Dataset extract:
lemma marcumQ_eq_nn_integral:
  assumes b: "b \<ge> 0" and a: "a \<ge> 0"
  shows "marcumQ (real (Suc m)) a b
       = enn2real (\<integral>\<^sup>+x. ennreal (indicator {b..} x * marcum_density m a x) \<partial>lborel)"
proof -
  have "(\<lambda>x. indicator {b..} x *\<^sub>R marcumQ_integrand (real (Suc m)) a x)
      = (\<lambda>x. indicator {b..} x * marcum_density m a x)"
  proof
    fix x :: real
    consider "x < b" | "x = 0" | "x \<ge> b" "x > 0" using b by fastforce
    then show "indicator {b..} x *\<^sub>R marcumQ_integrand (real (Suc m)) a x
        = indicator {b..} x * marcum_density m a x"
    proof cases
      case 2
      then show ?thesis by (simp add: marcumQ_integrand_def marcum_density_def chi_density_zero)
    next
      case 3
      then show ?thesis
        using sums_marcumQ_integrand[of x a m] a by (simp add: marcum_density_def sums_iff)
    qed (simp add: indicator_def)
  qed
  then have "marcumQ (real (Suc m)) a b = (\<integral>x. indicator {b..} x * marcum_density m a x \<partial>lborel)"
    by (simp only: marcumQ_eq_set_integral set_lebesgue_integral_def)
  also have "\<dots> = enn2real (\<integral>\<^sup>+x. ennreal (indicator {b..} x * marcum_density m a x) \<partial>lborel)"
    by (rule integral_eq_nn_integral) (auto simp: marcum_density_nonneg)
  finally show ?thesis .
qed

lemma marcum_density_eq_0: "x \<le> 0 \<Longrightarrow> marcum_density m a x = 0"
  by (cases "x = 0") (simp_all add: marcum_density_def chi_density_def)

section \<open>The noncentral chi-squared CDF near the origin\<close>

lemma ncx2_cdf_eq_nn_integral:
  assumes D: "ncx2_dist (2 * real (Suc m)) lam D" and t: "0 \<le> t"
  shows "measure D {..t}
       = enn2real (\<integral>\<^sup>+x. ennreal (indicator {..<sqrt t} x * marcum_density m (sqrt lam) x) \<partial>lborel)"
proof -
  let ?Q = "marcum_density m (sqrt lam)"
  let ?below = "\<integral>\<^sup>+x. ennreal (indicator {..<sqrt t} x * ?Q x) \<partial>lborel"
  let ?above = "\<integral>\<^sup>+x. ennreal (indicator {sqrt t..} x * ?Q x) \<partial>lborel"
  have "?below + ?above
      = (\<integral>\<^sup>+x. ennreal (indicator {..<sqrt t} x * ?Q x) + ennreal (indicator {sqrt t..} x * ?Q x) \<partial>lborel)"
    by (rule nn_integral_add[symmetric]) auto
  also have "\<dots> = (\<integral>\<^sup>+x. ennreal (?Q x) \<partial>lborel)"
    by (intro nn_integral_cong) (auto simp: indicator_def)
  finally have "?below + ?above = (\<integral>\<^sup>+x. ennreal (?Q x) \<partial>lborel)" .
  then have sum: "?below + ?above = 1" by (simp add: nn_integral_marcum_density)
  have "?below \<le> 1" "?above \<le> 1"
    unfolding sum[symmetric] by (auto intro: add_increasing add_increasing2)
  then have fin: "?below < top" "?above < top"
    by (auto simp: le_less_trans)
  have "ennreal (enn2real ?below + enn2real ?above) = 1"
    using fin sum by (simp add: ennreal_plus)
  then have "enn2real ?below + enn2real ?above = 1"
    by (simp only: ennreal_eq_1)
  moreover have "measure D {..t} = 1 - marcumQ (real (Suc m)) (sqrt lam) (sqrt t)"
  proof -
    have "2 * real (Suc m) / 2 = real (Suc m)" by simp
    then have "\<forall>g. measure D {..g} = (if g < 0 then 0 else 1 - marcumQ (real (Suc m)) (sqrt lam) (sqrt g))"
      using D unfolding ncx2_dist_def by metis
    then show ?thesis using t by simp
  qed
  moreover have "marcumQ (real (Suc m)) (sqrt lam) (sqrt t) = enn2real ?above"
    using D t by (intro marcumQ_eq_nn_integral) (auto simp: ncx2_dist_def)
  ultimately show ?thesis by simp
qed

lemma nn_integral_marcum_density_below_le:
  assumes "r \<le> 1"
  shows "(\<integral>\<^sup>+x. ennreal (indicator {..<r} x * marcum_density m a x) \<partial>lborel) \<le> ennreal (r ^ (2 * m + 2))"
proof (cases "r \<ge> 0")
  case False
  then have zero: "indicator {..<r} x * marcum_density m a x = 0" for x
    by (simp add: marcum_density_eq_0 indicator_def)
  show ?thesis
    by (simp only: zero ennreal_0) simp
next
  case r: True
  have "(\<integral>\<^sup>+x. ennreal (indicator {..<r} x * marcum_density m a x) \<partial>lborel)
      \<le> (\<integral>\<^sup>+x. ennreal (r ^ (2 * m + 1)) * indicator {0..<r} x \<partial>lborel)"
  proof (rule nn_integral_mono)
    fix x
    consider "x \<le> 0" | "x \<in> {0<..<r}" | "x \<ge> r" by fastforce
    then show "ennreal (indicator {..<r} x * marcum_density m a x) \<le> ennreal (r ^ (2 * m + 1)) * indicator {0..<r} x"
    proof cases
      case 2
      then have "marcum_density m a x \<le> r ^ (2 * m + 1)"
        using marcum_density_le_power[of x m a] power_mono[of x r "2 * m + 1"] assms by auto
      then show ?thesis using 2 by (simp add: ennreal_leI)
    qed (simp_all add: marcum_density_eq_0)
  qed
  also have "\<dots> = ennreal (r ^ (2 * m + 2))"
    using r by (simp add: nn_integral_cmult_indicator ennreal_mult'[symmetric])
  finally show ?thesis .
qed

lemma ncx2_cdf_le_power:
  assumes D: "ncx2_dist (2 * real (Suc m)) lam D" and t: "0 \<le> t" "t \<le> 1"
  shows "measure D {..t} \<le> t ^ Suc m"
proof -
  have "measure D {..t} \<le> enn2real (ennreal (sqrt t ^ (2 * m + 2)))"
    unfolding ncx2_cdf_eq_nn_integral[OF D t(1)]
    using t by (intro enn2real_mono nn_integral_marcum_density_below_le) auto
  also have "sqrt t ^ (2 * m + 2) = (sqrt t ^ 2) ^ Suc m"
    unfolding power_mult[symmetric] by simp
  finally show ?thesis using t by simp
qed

The task: Where the line holding "t) = enn2real" appears in the listing above, start reproducing exactly, and end with the line holding "m a x \<le>".

Task solution:
  moreover have "marcumQ (real (Suc m)) (sqrt lam) (sqrt t) = enn2real ?above"
    using D t by (intro marcumQ_eq_nn_integral) (auto simp: ncx2_dist_def)
  ultimately show ?thesis by simp
qed

lemma nn_integral_marcum_density_below_le:
  assumes "r \<le> 1"
  shows "(\<integral>\<^sup>+x. ennreal (indicator {..<r} x * marcum_density m a x) \<partial>lborel) \<le> ennreal (r ^ (2 * m + 2))"
proof (cases "r \<ge> 0")
  case False
  then have zero: "indicator {..<r} x * marcum_density m a x = 0" for x
    by (simp add: marcum_density_eq_0 indicator_def)
  show ?thesis
    by (simp only: zero ennreal_0) simp
next
  case r: True
  have "(\<integral>\<^sup>+x. ennreal (indicator {..<r} x * marcum_density m a x) \<partial>lborel)
      \<le> (\<integral>\<^sup>+x. ennreal (r ^ (2 * m + 1)) * indicator {0..<r} x \<partial>lborel)"
  proof (rule nn_integral_mono)
    fix x
    consider "x \<le> 0" | "x \<in> {0<..<r}" | "x \<ge> r" by fastforce
    then show "ennreal (indicator {..<r} x * marcum_density m a x) \<le> ennreal (r ^ (2 * m + 1)) * indicator {0..<r} x"
    proof cases
      case 2
      then have "marcum_density m a x \<le> r ^ (2 * m + 1)"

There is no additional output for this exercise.